AmREIT and its first-time JV partner from New York City have acquired the 169,844-sf Preston Towne Crossing at 2342 W. Preston Rd.; 124,987-sf Berkeley Square at 4601-4757 W. Park Blvd.; and a former Target box in the process of being redeveloped at 4817 W. Park Blvd. “Our plan is to put some capital into the project to give it all the same look and feel,” says Steve Hefner, vice president and managing director for the Houston-based REIT. He says that $4.5 million will go into upgrades, excluding tenant improvements.

Dallas-based Dunhill Partners sold Preston Towne Crossing, which it bought for more than $25 million in December 2004, and Berkeley Square, acquired in August 2003. Majestic Texas Properties LP–in reality Clearview Investments Ltd. from Dallas–sold the empty Target, purchased for nearly $6.2 million in September 2004 from Indianapolis-based Kite Realty Group Trust.

Hefner tells GlobeSt.com that the deal closed with a loan assumption for the Dunhill-traded assets. The CIBC Inc. financing, bearing a 5.87% fixed-rate interest, has roughly five years left on the term of the cross-collateralized properties, according to a previous GlobeSt.com article.
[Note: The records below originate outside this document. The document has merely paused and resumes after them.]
lemma neutral_layer_expect_indicator:
  assumes "N \<ge> 2" "l < N"
  shows "layer_expect N (\<lambda>_. 1) x (\<lambda>z. of_bool (z l))
       = (real N - 2) / (real N - 1) * of_bool (x l) + count_true N x / (real N * (real N - 1))"
proof -
  define p where "p = 1 / (real N * (real N - 1))"
  have row: "(\<Sum>j\<in>{..<N} - {i}. p * of_bool ((x(i := x j)) l))
      = (if i = l then p * (count_true N x - of_bool (x l)) else p * (real N - 1) * of_bool (x l))"
    if "i < N" for i
    using that by (auto simp: sum_distrib_left[symmetric] count_true_def sum_Diff_singleton_lessThan
        real_card_Diff_singleton_lessThan)
  have "layer_expect N (\<lambda>_. 1) x (\<lambda>z. of_bool (z l))
      = (\<Sum>i<N. \<Sum>j\<in>{..<N} - {i}. p * of_bool ((x(i := x j)) l))"
    unfolding layer_expect_def p_def by (intro sum.cong refl) (simp add: replace_prob_neutral)
  also have "\<dots> = p * (count_true N x - of_bool (x l))
      + (\<Sum>i\<in>{..<N} - {l}. p * (real N - 1) * of_bool (x l))"
    using assms(2) row[of l]
    by (simp add: sum.remove[OF finite_lessThan, of l] row del: fun_upd_apply)
  also have "\<dots> = (real N - 2) / (real N - 1) * of_bool (x l) + count_true N x / (real N * (real N - 1))"
    using assms by (simp add: real_card_Diff_singleton_lessThan p_def divide_simps) (simp add: algebra_simps)
  finally show ?thesis .
qed

text \<open>\<open>N\<^sup>2\<close> times the covariance of the two layer indicators of a uniformly chosen individual.\<close>

definition cross_cov :: "nat \<Rightarrow> (nat \<Rightarrow> bool) \<Rightarrow> (nat \<Rightarrow> bool) \<Rightarrow> real" where
  "cross_cov N x y
     = real N * (\<Sum>l<N. of_bool (x l) * of_bool (y l)) - count_true N x * count_true N y"

lemma cross_cov_step_algebra:
  fixes X Y :: "nat \<Rightarrow> real"
  assumes "L + real N * B = 1" "n = (\<Sum>l<N. X l)" "m = (\<Sum>l<N. Y l)"
  shows "real N * (\<Sum>l<N. (L * X l + B * n) * (L * Y l + B * m)) - n * m
       = L\<^sup>2 * (real N * (\<Sum>l<N. X l * Y l) - n * m)"
proof -
  have "(\<Sum>l<N. (L * X l + B * n) * (L * Y l + B * m))
      = L\<^sup>2 * (\<Sum>l<N. X l * Y l) + 2 * L * B * n * m + real N * B\<^sup>2 * n * m"
    using assms(2,3)
    by (simp add: algebra_simps power2_eq_square sum.distrib flip: sum_distrib_left sum_distrib_right)
  moreover have "real N * (2 * L * B * n * m + real N * B\<^sup>2 * n * m) - n * m
      = ((L + real N * B)\<^sup>2 - 1 - L\<^sup>2) * n * m"
    by (simp add: algebra_simps power2_eq_square)
  ultimately show ?thesis using assms(1) by (simp add: algebra_simps)
qed

lemma cross_cov_xi: "N > 0 \<Longrightarrow> cross_cov N (fst xi) (snd xi) = real N - 1"
proof -
  assume "N > 0"
  moreover have "count_true N (snd xi) = count_true N (fst xi)"
    by (simp add: xi_def)
  moreover have "(\<Sum>l<N. of_bool (fst xi l) * of_bool (snd xi l) :: real) = count_true N (fst xi)"
    unfolding count_true_def by (rule sum.cong) (auto simp: xi_def)
  ultimately show ?thesis by (simp add: cross_cov_def count_true_xi)
qed

lemma fecundity_neutral: "fecundity N b c r 0 s = (\<lambda>_. 1)"
  by (simp add: fecundity_def fun_eq_iff)

lemma sum_trans_prob_fst:
  assumes "s \<in> states N" "N > 0"
    and "\<And>i. i < N \<Longrightarrow> (\<Sum>k\<in>{..<N} - {i}. fecundity N b c r \<delta> s k) \<noteq> 0"
  shows "(\<Sum>s'\<in>states N. trans_prob N b c r \<delta> s s' * g (fst s'))
       = layer_expect N (fecundity N b c r \<delta> s) (fst s) g"
  using sum_trans_prob_product[OF assms(1), where g=g and h="\<lambda>_. 1"]
    layer_expect_const[OF assms(2,3), where a=1]
  by simp

lemma neutral_expect_discord:
  assumes "N \<ge> 2" "s \<in> states N"
  shows "(\<Sum>s'\<in>states N. trans_prob N b c r 0 s s' * discord N (fst s'))
       = (1 - 2 / (real N * (real N - 1))) * discord N (fst s)"
  using sum_trans_prob_fst[OF assms(2), where \<delta>=0] neutral_denominator_ne_0[OF assms(1)] assms(1)
  by (simp add: fecundity_neutral neutral_layer_expect_discord)

lemma neutral_expect_cross_cov:
  assumes "N \<ge> 2" "s \<in> states N"
  shows "(\<Sum>s'\<in>states N. trans_prob N b c r 0 s s' * cross_cov N (fst s') (snd s'))
       = ((real N - 2) / (real N - 1))\<^sup>2 * cross_cov N (fst s) (snd s)"
proof -
  let ?P = "trans_prob N b c r 0 s"
  let ?X = "\<lambda>l z. of_bool (z l) :: real"
  define L where "L = (real N - 2) / (real N - 1)"
  define B where "B = 1 / (real N * (real N - 1))"
  have LB: "L + real N * B = 1"
    using assms(1) by (simp add: L_def B_def field_simps)
  have indicator: "(\<Sum>s'\<in>states N. ?P s' * (?X l (fst s') * ?X l (snd s')))
      = (L * ?X l (fst s) + B * count_true N (fst s)) * (L * ?X l (snd s) + B * count_true N (snd s))"
    if "l < N" for l
    using sum_trans_prob_product[OF assms(2), where \<delta>=0 and g="?X l" and h="?X l"]
      neutral_layer_expect_indicator[OF assms(1) that]
    by (simp add: fecundity_neutral L_def B_def)
  have count: "(\<Sum>s'\<in>states N. ?P s' * (count_true N (fst s') * count_true N (snd s')))
      = count_true N (fst s) * count_true N (snd s)"
    using sum_trans_prob_product[OF assms(2), where \<delta>=0 and g="count_true N" and h="count_true N"]
    by (simp add: fecundity_neutral neutral_layer_expect_count[OF assms(1)])
  have "(\<Sum>s'\<in>states N. ?P s' * cross_cov N (fst s') (snd s'))
      = real N * (\<Sum>l<N. \<Sum>s'\<in>states N. ?P s' * (?X l (fst s') * ?X l (snd s')))
        - (\<Sum>s'\<in>states N. ?P s' * (count_true N (fst s') * count_true N (snd s')))"
    unfolding cross_cov_def
    by (simp add: right_diff_distrib sum_subtractf sum_distrib_left mult.left_commute
        sum.swap[of _ "{..<N}"])
  also have "\<dots> = real N * (\<Sum>l<N. (L * ?X l (fst s) + B * count_true N (fst s))
                                * (L * ?X l (snd s) + B * count_true N (snd s)))
                   - count_true N (fst s) * count_true N (snd s)"
    by (simp add: indicator count)
  also have "\<dots> = L\<^sup>2 * cross_cov N (fst s) (snd s)"
    unfolding cross_cov_def by (rule cross_cov_step_algebra[OF LB]) (simp_all add: count_true_def)
  finally show ?thesis unfolding L_def .
qed

section \<open>Weak selection\<close>

lemma payoff_eq_linear:
  assumes "j < N"
  shows "payoff N b c r s j
       = (- c - b / (real N - 1)) * of_bool (fst s j) + (r - 1) * of_bool (snd s j)
         + (b * count_true N (fst s) / (real N - 1) + 1)"
proof -
  have others: "(\<Sum>k\<in>{..<N} - {j}. of_bool (fst s k)) = count_true N (fst s) - of_bool (fst s j)"
    using assms by (simp add: count_true_def sum_Diff_singleton_lessThan)
  show ?thesis
    unfolding payoff_def others by (simp add: algebra_simps add_divide_distrib diff_divide_distrib)
qed

lemma sum_offdiag_weighted_gain:
  fixes u X :: "nat \<Rightarrow> real"
  shows "(\<Sum>i<N. \<Sum>j\<in>{..<N} - {i}. ((real N - 1) * u j - (\<Sum>k\<in>{..<N} - {i}. u k)) * (X j - X i))
       = (real N - 2) * (real N * (\<Sum>j<N. u j * X j) - (\<Sum>j<N. u j) * (\<Sum>j<N. X j))"
proof -
  define T where "T = (\<Sum>j<N. u j)"
  define SX where "SX = (\<Sum>j<N. X j)"
  define UX where "UX = (\<Sum>j<N. u j * X j)"
  have row: "(\<Sum>j\<in>{..<N} - {i}. ((real N - 1) * u j - (\<Sum>k\<in>{..<N} - {i}. u k)) * (X j - X i))
      = (real N - 1) * UX - (real N - 1) * T * X i + (u i - T) * SX - real N * (u i - T) * X i"
    if "i < N" for i
  proof -
    have "(\<Sum>j\<in>{..<N} - {i}. ((real N - 1) * u j - (\<Sum>k\<in>{..<N} - {i}. u k)) * (X j - X i))
        = (\<Sum>j<N. (real N - 1) * (u j * X j) - (real N - 1) * X i * u j + (u i - T) * X j
            - (u i - T) * X i)"
      using that by (simp add: sum_Diff_singleton_lessThan T_def algebra_simps)
    then show ?thesis
      by (simp add: sum.distrib sum_subtractf UX_def T_def SX_def flip: sum_distrib_left)
  qed
  have "(\<Sum>i<N. \<Sum>j\<in>{..<N} - {i}. ((real N - 1) * u j - (\<Sum>k\<in>{..<N} - {i}. u k)) * (X j - X i))
      = (\<Sum>i<N. (real N - 1) * UX - (real N - 1) * T * X i + (u i - T) * SX
          - real N * (u i * X i) + real N * T * X i)"
    by (rule sum.cong[OF refl]) (simp only: lessThan_iff row, simp add: algebra_simps)
  also have "\<dots> = (real N - 2) * (real N * UX - T * SX)"
    by (simp add: sum.distrib sum_subtractf algebra_simps flip: sum_distrib_left)
      (simp add: UX_def T_def SX_def algebra_simps)
  finally show ?thesis unfolding T_def SX_def UX_def .
qed

locale dB_complete_graph =
  fixes N :: nat and b c r :: real
  assumes three_le_N: "3 \<le> N"
begin

lemma N_gt_0: "N > 0" and N_pos: "real N > 0" and N_minus_1_pos: "real N - 1 > 0"
  using three_le_N by simp_all

lemma xi_in_states_N: "xi \<in> states N"
  by (rule xi_in_states[OF N_gt_0])

abbreviation fec :: "real \<Rightarrow> state \<Rightarrow> nat \<Rightarrow> real" where
  "fec \<delta> s \<equiv> fecundity N b c r \<delta> s"

abbreviation step_prob :: "real \<Rightarrow> state \<Rightarrow> state \<Rightarrow> real" where
  "step_prob \<delta> \<equiv> trans_prob N b c r \<delta>"

definition payoff_bound :: real where
  "payoff_bound = \<bar>b\<bar> + \<bar>c\<bar> + \<bar>r - 1\<bar> + 1"
lemma lbr_Ft_Ft: "qeq l (lbr (Ft l j) (Ft l k)) 0"
  using loop_cong_lbr[OF Ft_cong[OF l_pos] Ft_cong[OF l_pos], of j k]
  by (intro qeq_if_loop_cong_common[OF _ _ _ loop_cong_refl] OA_lbr Ft_OA OA_zero)
    (simp add: lbr_Floop_Floop)

end

section \<open>Linear independence and spanning\<close>

definition lin_comb :: "nat \<Rightarrow> (nat \<Rightarrow> complex) \<Rightarrow> (nat \<Rightarrow> complex) \<Rightarrow> (nat \<Rightarrow> complex) \<Rightarrow> loop" where
  "lin_comb l a b c = (\<Sum>j<l. lsmul (a j) (Eg l j) + lsmul (b j) (Fg l j) + lsmul (c j) (Hg l j))"

lemma lin_comb_OA: "lin_comb l a b c \<in> OA"
  unfolding lin_comb_def by (intro OA_closed Eg_OA Fg_OA Hg_OA)

context
  fixes l :: nat
  assumes l_pos: "1 \<le> l"
begin

lemma lin_comb_components:
  "lcong (2 * l) (fst (lin_comb l a b c)) (Wsum l (\<lambda>j. c j * (1/4) ^ j) (\<lambda>j. (a j - b j) * (1/4) ^ (j + 1)))"
  "lcong (2 * l) (snd (snd (lin_comb l a b c))) (Wsum l (\<lambda>_. 0) (\<lambda>j. - (a j + b j) * (1/4) ^ (j + 1)))"
proof -
  let ?model = "\<Sum>j<l. lsmul (a j) (Eloop j) + lsmul (b j) (Floop j) + lsmul (c j) (Hloop j)"
  have "loop_cong (2 * l) (lin_comb l a b c) ?model"
    unfolding lin_comb_def
    by (intro loop_cong_sum loop_cong_add loop_cong_lsmul Eg_cong[OF l_pos] Fg_cong[OF l_pos] Hg_cong[OF l_pos])
  moreover have "fst ?model = Wsum l (\<lambda>j. c j * (1/4) ^ j) (\<lambda>j. (a j - b j) * (1/4) ^ (j + 1))"
    unfolding fst_sum Wsum_def Eloop_def Floop_def Hloop_def Epoly_def Hpoly_def lconst_hom
    by (intro sum.cong refl) (simp add: left_diff_distrib mult.assoc)
  moreover have "snd (snd ?model) = Wsum l (\<lambda>_. 0) (\<lambda>j. - (a j + b j) * (1/4) ^ (j + 1))"
    unfolding snd_sum Wsum_def Eloop_def Floop_def Hloop_def Epoly_def lconst_hom
    by (intro sum.cong) (simp_all add: algebra_simps)
  ultimately show
    "lcong (2 * l) (fst (lin_comb l a b c)) (Wsum l (\<lambda>j. c j * (1/4) ^ j) (\<lambda>j. (a j - b j) * (1/4) ^ (j + 1)))"
    "lcong (2 * l) (snd (snd (lin_comb l a b c))) (Wsum l (\<lambda>_. 0) (\<lambda>j. - (a j + b j) * (1/4) ^ (j + 1)))"
    unfolding loop_cong_def by metis+
qed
Hefner says the deal is laced with upside due to the soon-to-be-filled box and 3.5 acres of developable land behind Berkeley Square. The plan is to flip the piece to an office or residential developer. “We’ve had preliminary discussions with a buyer,” he confides.

CB Richard Ellis’ senior vice presidents Doug Hazelbaker and Larry Casey and first vice president Ryan Shore had the Dunhill assets on the market while Clearview came to AmREIT with an offer to sell the former Target. “It was just a good synergies opportunity,” Hefner says. “It made sense for us to acquire it.” AmREIT’s stake takes up the northeast corner of a crossroads shared with New Jersey-based Prudential Real Estate Investors and Woodmont Co. of Fort Worth on the southwest quadrant; Jacksonville, FL-based Regency Centers on the southeast; and Nash Bros. of Dallas with Whole Foods on the northwest corner.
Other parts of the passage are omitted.